Là ils ont l'idée de la transformer en « Lave Hôtel », l'occasion de rincer les clients. Parmi eux des joueurs de poker, marchands de sommeil sans états d'âme. La suite de l'aventure se déroule dans un vieil immeuble, promis à la destruction et accueillant une multitude de sans papiers payant des loyers exorbitants. Mais notre trio va intervenir et prendre l'argent où il se trouve : du côté des exploiteurs. 

On retrouve gouaille et satire de notre société. Une reprise énergique et réussie.

« La nouvelle bande des Pieds Nickelés » (tome 1), Delcourt, 9,95 €

jeudi 26 novembre 2009

BD - Evolution express face au "Nuisible" ultime


Très ambitieux le scénario de ce thriller futuriste de Mathieu Mariolle dessiné par Alfio Buscaglia. Un peu complexe aussi parfois. Mais rapidement on s'attache aux personnages et leurs mondes, différents mais qui vont se rejoindre au gré des événements tragiques frappant Paris en ces fêtes de Noël. 
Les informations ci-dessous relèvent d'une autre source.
(* Let $G$ be a graph and $l \ge \gamma(G)$ an integer, and let $A$ and $B$ be dominating sets of $G$ with $|A| = |B| = l$. If there is a path in $D_{l+1}(G)$ joining $A$ and $B$, then there exists a walk between $A$ and $B$ in $D_{l+1}(G)$ all of whose vertices are dominating sets of cardinality $l$ or $l+1$.
   Context: All graphs are finite and simple. A set $S \subseteq V(G)$ is a dominating set of $G$ if every vertex of $V(G)\setminus S$ is adjacent to a vertex of $S$. $\gamma(G)$ is the minimum cardinality of a dominating set of $G$. For an integer $k \ge \gamma(G)$, the $k$-dominating graph $D_k(G)$ is the graph whose vertices are the dominating sets of $G$ of cardinality at most $k$, with two such sets $A,B$ adjacent if and only if their symmetric difference $(A\setminus B)\cup(B\setminus A)$ consists of exactly one vertex of $G$. *)

theory Defs
  imports Main
begin

definition simple_graph :: "'a set \<Rightarrow> ('a \<Rightarrow> 'a \<Rightarrow> bool) \<Rightarrow> bool" where
  "simple_graph V E \<longleftrightarrow> finite V \<and> (\<forall>u v. E u v \<longrightarrow> u \<in> V \<and> v \<in> V)
     \<and> (\<forall>u v. E u v \<longrightarrow> E v u) \<and> (\<forall>v. \<not> E v v)"

definition dominating_set :: "'a set \<Rightarrow> ('a \<Rightarrow> 'a \<Rightarrow> bool) \<Rightarrow> 'a set \<Rightarrow> bool" where
  "dominating_set V E S \<longleftrightarrow> S \<subseteq> V \<and> (\<forall>v \<in> V - S. \<exists>s \<in> S. E v s)"

definition domination_number :: "'a set \<Rightarrow> ('a \<Rightarrow> 'a \<Rightarrow> bool) \<Rightarrow> nat" where
  "domination_number V E = (LEAST n. \<exists>S. dominating_set V E S \<and> card S = n)"

definition Dk_vertices :: "'a set \<Rightarrow> ('a \<Rightarrow> 'a \<Rightarrow> bool) \<Rightarrow> nat \<Rightarrow> 'a set set" where
  "Dk_vertices V E k = {S. dominating_set V E S \<and> card S \<le> k}"

definition Dk_adj :: "'a set \<Rightarrow> ('a \<Rightarrow> 'a \<Rightarrow> bool) \<Rightarrow> nat \<Rightarrow> 'a set \<Rightarrow> 'a set \<Rightarrow> bool" where
  "Dk_adj V E k A B \<longleftrightarrow> A \<in> Dk_vertices V E k \<and> B \<in> Dk_vertices V E k
     \<and> (\<exists>x. (A - B) \<union> (B - A) = {x})"

definition Dk_walk :: "'a set \<Rightarrow> ('a \<Rightarrow> 'a \<Rightarrow> bool) \<Rightarrow> nat \<Rightarrow> 'a set list \<Rightarrow> 'a set \<Rightarrow> 'a set \<Rightarrow> bool" where
  "Dk_walk V E k W A B \<longleftrightarrow> W \<noteq> [] \<and> hd W = A \<and> last W = B
     \<and> set W \<subseteq> Dk_vertices V E k
     \<and> (\<forall>i. Suc i < length W \<longrightarrow> Dk_adj V E k (W ! i) (W ! Suc i))"

definition Dk_path :: "'a set \<Rightarrow> ('a \<Rightarrow> 'a \<Rightarrow> bool) \<Rightarrow> nat \<Rightarrow> 'a set list \<Rightarrow> 'a set \<Rightarrow> 'a set \<Rightarrow> bool" where
  "Dk_path V E k W A B \<longleftrightarrow> Dk_walk V E k W A B \<and> distinct W"

end

theory Submission
  imports Defs
begin

(* Call a walk in D_(l+1)(G) a level walk if all its vertices are
   dominating sets of cardinality l or l+1.  Follow the given path P from A to B
   and maintain a level walk from A to some set T that contains the current
   vertex of P.  When P removes a vertex, T still covers it.  When P adds a
   vertex x, first shrink T to cardinality l (removing a vertex of T outside the
   current vertex of P, which keeps domination since a subset dominates), then
   add x.  At the end of P we reach T with B \<subseteq> T; as |B| = l, either T = B or
   T = B plus one vertex, and one final step reaches B. *)

lemma dominating_set_finite:
  assumes "finite V" "dominating_set V E S"
  shows "finite S"
  using assms finite_subset unfolding dominating_set_def by blast

lemma dominating_set_mono:
  assumes "dominating_set V E S" "S \<subseteq> T" "T \<subseteq> V"
  shows "dominating_set V E T"
  using assms unfolding dominating_set_def by blast

lemma Dk_adj_insert:
  assumes "dominating_set V E X" "dominating_set V E (insert x X)" "x \<notin> X"
    and "card (insert x X) \<le> k"
  shows "Dk_adj V E k X (insert x X)" "Dk_adj V E k (insert x X) X"
proof -
  have "card X \<le> k" using assms(4) card_insert_le[of X x] by linarith
  moreover have "(X - insert x X) \<union> (insert x X - X) = {x}"
    "(insert x X - X) \<union> (X - insert x X) = {x}"
    using assms(3) by auto
  ultimately show "Dk_adj V E k X (insert x X)" "Dk_adj V E k (insert x X) X"
    using assms unfolding Dk_adj_def Dk_vertices_def by auto
qed

lemma symdiff_singleton_cases:
  assumes "(X - Y) \<union> (Y - X) = {x}"
  shows "x \<in> X \<and> Y \<subseteq> X \<or> x \<notin> X \<and> Y = insert x X"
proof -
  have only_x: "z \<in> X \<longleftrightarrow> z \<in> Y" if "z \<noteq> x" for z
    using that assms by (simp add: set_eq_iff) metis
  have x_in: "x \<in> X \<longleftrightarrow> x \<notin> Y"
    using assms by (simp add: set_eq_iff) metis
  show ?thesis
  proof (cases "x \<in> X")
    case True
    then have "Y \<subseteq> X" using only_x by (metis subsetI)
    then show ?thesis using True by blast
  next
    case False
    then have "Y = insert x X" using only_x x_in by (metis insert_iff set_eq_iff)
    then show ?thesis using False by blast
  qed
qed

lemma Dk_walk_snoc:
  assumes walk: "Dk_walk V E k W A T" and adj: "Dk_adj V E k T T'"
  shows "Dk_walk V E k (W @ [T']) A T'"
proof -
  have W: "W \<noteq> []" "hd W = A" "last W = T" "set W \<subseteq> Dk_vertices V E k"
    and steps: "\<And>i. Suc i < length W \<Longrightarrow> Dk_adj V E k (W ! i) (W ! Suc i)"
    using walk unfolding Dk_walk_def by auto
  have "Dk_adj V E k ((W @ [T']) ! i) ((W @ [T']) ! Suc i)"
    if i: "Suc i < length (W @ [T'])" for i
  proof (cases "Suc i < length W")
    case True
    then show ?thesis using steps by (simp add: nth_append)
  next
    case False
    then have "i = length W - 1" "Suc i = length W" using i by auto
    moreover have "W ! (length W - 1) = T" using W(1,3) by (simp add: last_conv_nth)
    ultimately show ?thesis using adj by (simp add: nth_append)
  qed
  moreover have "T' \<in> Dk_vertices V E k" using adj unfolding Dk_adj_def by auto
  ultimately show ?thesis using W unfolding Dk_walk_def by auto
qed

definition level_walk ::
  "'a set \<Rightarrow> ('a \<Rightarrow> 'a \<Rightarrow> bool) \<Rightarrow> nat \<Rightarrow> 'a set list \<Rightarrow> 'a set \<Rightarrow> 'a set \<Rightarrow> bool" where
  "level_walk V E l W A T \<longleftrightarrow>
     Dk_walk V E (l + 1) W A T \<and> (\<forall>S \<in> set W. card S = l \<or> card S = l + 1)"

lemma level_walk_start:
  assumes "dominating_set V E A" "card A = l"
  shows "level_walk V E l [A] A A"
  using assms unfolding level_walk_def Dk_walk_def Dk_vertices_def by auto

lemma level_walk_end:
  assumes "level_walk V E l W A T"
  shows "dominating_set V E T" "card T = l \<or> card T = l + 1"
proof -
  have "T \<in> set W" using assms unfolding level_walk_def Dk_walk_def by auto
  then show "dominating_set V E T" "card T = l \<or> card T = l + 1"
    using assms unfolding level_walk_def Dk_walk_def Dk_vertices_def by auto
qed

lemma level_walk_snoc:
  assumes "level_walk V E l W A T" "Dk_adj V E (l + 1) T T'" "card T' = l \<or> card T' = l + 1"
  shows "level_walk V E l (W @ [T']) A T'"
  using assms Dk_walk_snoc unfolding level_walk_def by fastforce

lemma level_walk_shrink:
  assumes "finite V" and walk: "level_walk V E l W A T"
    and S: "dominating_set V E S" "S \<subseteq> T" "card S \<le> l"
  obtains W' T' where "level_walk V E l W' A T'" "S \<subseteq> T'" "card T' = l"
proof -
  have T: "dominating_set V E T" "card T = l \<or> card T = l + 1"
    using level_walk_end[OF walk] by auto
  have finT: "finite T" using dominating_set_finite[OF \<open>finite V\<close> T(1)] .
  show thesis
  proof (cases "card T = l")
    case True
    then show thesis using that walk S(2) by blast
  next
    case False
    then have cardT: "card T = l + 1" using T(2) by simp
    then have "S \<noteq> T" using S(3) by auto
    then obtain y where y: "y \<in> T" "y \<notin> S" using S(2) by blast
    define U where "U = T - {y}"
    have T_eq: "T = insert y U" and "y \<notin> U" using y unfolding U_def by auto
    have SU: "S \<subseteq> U" using S(2) y unfolding U_def by auto
    have "U \<subseteq> V" using T(1) unfolding U_def dominating_set_def by blast
    then have domU: "dominating_set V E U" using dominating_set_mono[OF S(1) SU] by blast
    have cardU: "card U = l" using cardT finT y unfolding U_def by simp
    have "Dk_adj V E (l + 1) T U"
      using Dk_adj_insert(2)[OF domU _ \<open>y \<notin> U\<close>] T(1) cardT T_eq by simp
    then have "level_walk V E l (W @ [U]) A U" using level_walk_snoc[OF walk] cardU by simp
    then show thesis using that SU cardU by blast
  qed
qed

lemma level_walk_grow:
  assumes "finite V" and walk: "level_walk V E l W A T" and "S \<subseteq> T"
    and S: "dominating_set V E S" "x \<notin> S"
    and S': "dominating_set V E (insert x S)" "card (insert x S) \<le> l + 1"
  obtains W' T' where "level_walk V E l W' A T'" "insert x S \<subseteq> T'"
proof -
  have "card S \<le> l"
    using S' S(2) dominating_set_finite[OF \<open>finite V\<close> S(1)] by simp
  then obtain W1 U where walk1: "level_walk V E l W1 A U" and "S \<subseteq> U" "card U = l"
    using level_walk_shrink[OF \<open>finite V\<close> walk S(1) \<open>S \<subseteq> T\<close>] by blast
  show thesis
  proof (cases "x \<in> U")
    case True
    then show thesis using that walk1 \<open>S \<subseteq> U\<close> by blast
  next
    case False
    have domU: "dominating_set V E U" using level_walk_end(1)[OF walk1] .
    have UV: "U \<subseteq> V" and xV: "x \<in> V" using domU S'(1) unfolding dominating_set_def by auto
    have dom_xU: "dominating_set V E (insert x U)" using dominating_set_mono[OF domU] UV xV by blast
    have card_xU: "card (insert x U) = l + 1"
      using \<open>card U = l\<close> False dominating_set_finite[OF \<open>finite V\<close> domU] by simp
    have "Dk_adj V E (l + 1) U (insert x U)"
      using Dk_adj_insert(1)[OF domU dom_xU False] card_xU by simp
    then have "level_walk V E l (W1 @ [insert x U]) A (insert x U)"
      using level_walk_snoc[OF walk1] card_xU by simp
    then show thesis using that \<open>S \<subseteq> U\<close> by blast
  qed
qed

lemma level_walk_covers_walk:
  assumes "finite V" and P: "Dk_walk V E (l + 1) P A B"
    and A: "dominating_set V E A" "card A = l"
    and "i < length P"
  shows "\<exists>W T. level_walk V E l W A T \<and> P ! i \<subseteq> T"
  using \<open>i < length P\<close>
proof (induction i)
  case 0
  have "P ! 0 = A" using P unfolding Dk_walk_def by (auto simp: hd_conv_nth)
  then show ?case using level_walk_start[OF A] by blast
next
  case (Suc i)
  then obtain W T where walk: "level_walk V E l W A T" and "P ! i \<subseteq> T" by auto
  have adj: "Dk_adj V E (l + 1) (P ! i) (P ! Suc i)"
    using P Suc.prems unfolding Dk_walk_def by auto
  then obtain x where x: "(P ! i - P ! Suc i) \<union> (P ! Suc i - P ! i) = {x}"
    unfolding Dk_adj_def by auto
  consider "P ! Suc i \<subseteq> P ! i" | "x \<notin> P ! i" "P ! Suc i = insert x (P ! i)"
    using symdiff_singleton_cases[OF x] by blast
  then show ?case
  proof cases
    case 1
    then show ?thesis using walk \<open>P ! i \<subseteq> T\<close> by blast
  next
    case 2
    then have "dominating_set V E (P ! i)" "dominating_set V E (insert x (P ! i))"
      "card (insert x (P ! i)) \<le> l + 1"
      using adj unfolding Dk_adj_def Dk_vertices_def by auto
    then obtain W' T' where "level_walk V E l W' A T'" "insert x (P ! i) \<subseteq> T'"
      using level_walk_grow[OF \<open>finite V\<close> walk \<open>P ! i \<subseteq> T\<close> _ \<open>x \<notin> P ! i\<close>] by blast
    then show ?thesis using 2 by auto
  qed
qed

lemma level_walk_close:
  assumes "finite V" and walk: "level_walk V E l W A T" and "B \<subseteq> T"
    and B: "dominating_set V E B" "card B = l"
  shows "\<exists>W'. level_walk V E l W' A B"
proof (cases "T = B")
  case True
  then show ?thesis using walk by blast
next
  case False
  have T: "dominating_set V E T" "card T = l \<or> card T = l + 1"
    using level_walk_end[OF walk] by auto
  have finT: "finite T" using dominating_set_finite[OF \<open>finite V\<close> T(1)] .
  obtain y where y: "y \<in> T" "y \<notin> B" using False \<open>B \<subseteq> T\<close> by blast
  have "card T \<noteq> l" using card_subset_eq[OF finT \<open>B \<subseteq> T\<close>] False B(2) by auto
  then have cardT: "card T = l + 1" using T(2) by simp
  have "T - {y} = B"
    using card_subset_eq[of "T - {y}" B] finT cardT y \<open>B \<subseteq> T\<close> B(2) by auto
  then have T_eq: "T = insert y B" using y by auto
  have "Dk_adj V E (l + 1) T B"
    using Dk_adj_insert(2)[OF B(1) _ y(2)] T(1) cardT T_eq by simp
  then show ?thesis using level_walk_snoc[OF walk] B(2) by blast
qed

theorem lemma10:
  fixes V :: "'a set" and E :: "'a \<Rightarrow> 'a \<Rightarrow> bool" and l :: nat and A B :: "'a set"
  assumes "simple_graph V E"
    and "l \<ge> domination_number V E"
    and "dominating_set V E A" and "dominating_set V E B"
    and "card A = l" and "card B = l"
    and "\<exists>P. Dk_path V E (l + 1) P A B"
  shows "\<exists>W. Dk_walk V E (l + 1) W A B \<and> (\<forall>S \<in> set W. card S = l \<or> card S = l + 1)"
proof -
  have finV: "finite V" using assms(1) unfolding simple_graph_def by auto
  obtain P where P: "Dk_walk V E (l + 1) P A B" using assms(7) unfolding Dk_path_def by auto
  have "P \<noteq> []" "P ! (length P - 1) = B" using P unfolding Dk_walk_def by (auto simp: last_conv_nth)
  then obtain W T where "level_walk V E l W A T" "B \<subseteq> T"
    using level_walk_covers_walk[OF finV P assms(3,5), of "length P - 1"] by auto
  then obtain W' where "level_walk V E l W' A B"
    using level_walk_close[OF finV _ _ assms(4,6)] by blast
  then show ?thesis unfolding level_walk_def by blast
qed

end
lemma char_ideal_coeff_square_eq_mixed:
  assumes "p \<in> char_ideal m A" "l < i" "A l i = 1" "l \<in> {1..m}" "i \<in> {1..m}"
  shows "Poly_Mapping.lookup p (Poly_Mapping.single i 2) =
    Poly_Mapping.lookup p (Poly_Mapping.single l 1 + Poly_Mapping.single i 1)"
proof -
  obtain d where d: "\<And>mon. mon_deg mon = 2 \<Longrightarrow>
      Poly_Mapping.lookup p mon = (\<Sum>j=1..m. d j * Poly_Mapping.lookup (theta_j m A j) mon)"
    using char_ideal_coeffs_degree_2[OF assms(1)] by blast
  have "Poly_Mapping.lookup p (Poly_Mapping.single i 2) = (\<Sum>j=1..m. d j * (if j = i then 1 else 0))"
    unfolding d[OF mon_deg_single] using lookup_theta_j_square[OF assms(5)] by (intro sum.cong) simp_all
  also have "\<dots> = Poly_Mapping.lookup p (Poly_Mapping.single l 1 + Poly_Mapping.single i 1)"
    unfolding d[OF mon_deg_single_1_add_single_1]
    using lookup_theta_j_mixed[of l i A m] assms(2-4) by (intro sum.cong) simp_all
  finally show ?thesis .
qed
Alors que des groupes pharmaceutiques testent de nouveaux médicaments, en prenant des risques à la hauteur des enjeux financiers, des défenseurs des animaux pénètrent dans un laboratoire pour rendre leur liberté à des chiens, singes et rats utilisés comme cobayes. 

Pendant ce temps, Yukiko, jeune inspectrice à la police criminelle enquête que le meurtre d'un enseignant chercheur. Égorgé par un de ses élèves en plein cours. Ces péripéties, la veille et le jour de Noël, sur fond de montée des intégrismes religieux, débouchent par une véritable révolution dans tout ce qui est vivant. Et si tout ce qui n'était pas humain s'unissait pour éradiquer ce nuisible dominant ? 

Mariolle arrive à nous passionner malgré une certaine complexité du propos. Le dessin de Buscaglia, au trait réaliste et épuré, fait parfois penser à du Paul Gillon plus appliqué.